> [What you need to do] Output the data once more, exactly as given.

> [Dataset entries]
------------------------

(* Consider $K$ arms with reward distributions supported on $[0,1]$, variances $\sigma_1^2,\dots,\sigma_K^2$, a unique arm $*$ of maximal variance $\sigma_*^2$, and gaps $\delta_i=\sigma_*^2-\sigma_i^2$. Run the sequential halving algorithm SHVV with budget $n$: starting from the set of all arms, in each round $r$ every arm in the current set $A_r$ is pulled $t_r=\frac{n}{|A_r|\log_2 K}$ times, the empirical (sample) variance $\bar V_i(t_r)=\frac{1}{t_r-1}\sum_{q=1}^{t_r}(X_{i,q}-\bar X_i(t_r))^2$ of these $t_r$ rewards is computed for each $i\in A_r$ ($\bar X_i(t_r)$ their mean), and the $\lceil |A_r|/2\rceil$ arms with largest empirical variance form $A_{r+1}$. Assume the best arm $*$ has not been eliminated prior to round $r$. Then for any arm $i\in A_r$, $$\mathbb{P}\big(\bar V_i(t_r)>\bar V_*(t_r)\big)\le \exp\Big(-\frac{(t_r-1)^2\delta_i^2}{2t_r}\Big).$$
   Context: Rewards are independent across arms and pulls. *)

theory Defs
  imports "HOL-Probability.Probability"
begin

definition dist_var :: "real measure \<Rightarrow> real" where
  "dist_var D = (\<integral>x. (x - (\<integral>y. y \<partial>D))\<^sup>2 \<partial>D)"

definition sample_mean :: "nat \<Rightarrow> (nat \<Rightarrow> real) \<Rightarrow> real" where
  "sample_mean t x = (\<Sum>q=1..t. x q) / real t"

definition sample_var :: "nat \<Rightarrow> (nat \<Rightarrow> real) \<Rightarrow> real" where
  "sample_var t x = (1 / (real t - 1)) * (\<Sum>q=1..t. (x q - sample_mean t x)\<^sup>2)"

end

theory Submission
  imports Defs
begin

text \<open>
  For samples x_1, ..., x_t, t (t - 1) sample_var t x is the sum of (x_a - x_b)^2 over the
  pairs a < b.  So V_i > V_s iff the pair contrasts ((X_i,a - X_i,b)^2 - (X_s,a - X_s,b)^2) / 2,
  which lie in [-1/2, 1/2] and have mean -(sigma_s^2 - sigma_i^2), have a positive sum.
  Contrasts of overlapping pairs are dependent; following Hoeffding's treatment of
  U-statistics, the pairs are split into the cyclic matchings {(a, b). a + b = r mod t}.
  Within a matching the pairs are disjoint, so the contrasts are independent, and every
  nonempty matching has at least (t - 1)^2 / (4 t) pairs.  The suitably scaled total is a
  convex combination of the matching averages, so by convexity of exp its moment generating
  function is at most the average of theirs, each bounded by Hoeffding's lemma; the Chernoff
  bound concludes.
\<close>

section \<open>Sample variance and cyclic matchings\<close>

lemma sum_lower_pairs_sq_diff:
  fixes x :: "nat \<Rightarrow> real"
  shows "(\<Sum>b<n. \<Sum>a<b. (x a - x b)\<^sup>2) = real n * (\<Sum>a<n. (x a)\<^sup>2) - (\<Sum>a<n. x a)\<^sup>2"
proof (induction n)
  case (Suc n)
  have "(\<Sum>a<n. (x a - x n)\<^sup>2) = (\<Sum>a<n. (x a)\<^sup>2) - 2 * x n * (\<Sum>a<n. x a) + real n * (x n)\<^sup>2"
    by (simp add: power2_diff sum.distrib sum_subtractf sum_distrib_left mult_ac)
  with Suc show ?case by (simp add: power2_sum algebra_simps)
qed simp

------------------------

> [Expected answer]
(* Consider $K$ arms with reward distributions supported on $[0,1]$, variances $\sigma_1^2,\dots,\sigma_K^2$, a unique arm $*$ of maximal variance $\sigma_*^2$, and gaps $\delta_i=\sigma_*^2-\sigma_i^2$. Run the sequential halving algorithm SHVV with budget $n$: starting from the set of all arms, in each round $r$ every arm in the current set $A_r$ is pulled $t_r=\frac{n}{|A_r|\log_2 K}$ times, the empirical (sample) variance $\bar V_i(t_r)=\frac{1}{t_r-1}\sum_{q=1}^{t_r}(X_{i,q}-\bar X_i(t_r))^2$ of these $t_r$ rewards is computed for each $i\in A_r$ ($\bar X_i(t_r)$ their mean), and the $\lceil |A_r|/2\rceil$ arms with largest empirical variance form $A_{r+1}$. Assume the best arm $*$ has not been eliminated prior to round $r$. Then for any arm $i\in A_r$, $$\mathbb{P}\big(\bar V_i(t_r)>\bar V_*(t_r)\big)\le \exp\Big(-\frac{(t_r-1)^2\delta_i^2}{2t_r}\Big).$$
   Context: Rewards are independent across arms and pulls. *)

theory Defs
  imports "HOL-Probability.Probability"
begin

definition dist_var :: "real measure \<Rightarrow> real" where
  "dist_var D = (\<integral>x. (x - (\<integral>y. y \<partial>D))\<^sup>2 \<partial>D)"

definition sample_mean :: "nat \<Rightarrow> (nat \<Rightarrow> real) \<Rightarrow> real" where
  "sample_mean t x = (\<Sum>q=1..t. x q) / real t"

definition sample_var :: "nat \<Rightarrow> (nat \<Rightarrow> real) \<Rightarrow> real" where
  "sample_var t x = (1 / (real t - 1)) * (\<Sum>q=1..t. (x q - sample_mean t x)\<^sup>2)"

end

theory Submission
  imports Defs
begin

text \<open>
  For samples x_1, ..., x_t, t (t - 1) sample_var t x is the sum of (x_a - x_b)^2 over the
  pairs a < b.  So V_i > V_s iff the pair contrasts ((X_i,a - X_i,b)^2 - (X_s,a - X_s,b)^2) / 2,
  which lie in [-1/2, 1/2] and have mean -(sigma_s^2 - sigma_i^2), have a positive sum.
  Contrasts of overlapping pairs are dependent; following Hoeffding's treatment of
  U-statistics, the pairs are split into the cyclic matchings {(a, b). a + b = r mod t}.
  Within a matching the pairs are disjoint, so the contrasts are independent, and every
  nonempty matching has at least (t - 1)^2 / (4 t) pairs.  The suitably scaled total is a
  convex combination of the matching averages, so by convexity of exp its moment generating
  function is at most the average of theirs, each bounded by Hoeffding's lemma; the Chernoff
  bound concludes.
\<close>

section \<open>Sample variance and cyclic matchings\<close>

lemma sum_lower_pairs_sq_diff:
  fixes x :: "nat \<Rightarrow> real"
  shows "(\<Sum>b<n. \<Sum>a<b. (x a - x b)\<^sup>2) = real n * (\<Sum>a<n. (x a)\<^sup>2) - (\<Sum>a<n. x a)\<^sup>2"
proof (induction n)
  case (Suc n)
  have "(\<Sum>a<n. (x a - x n)\<^sup>2) = (\<Sum>a<n. (x a)\<^sup>2) - 2 * x n * (\<Sum>a<n. x a) + real n * (x n)\<^sup>2"
    by (simp add: power2_diff sum.distrib sum_subtractf sum_distrib_left mult_ac)
  with Suc show ?case by (simp add: power2_sum algebra_simps)
qed simp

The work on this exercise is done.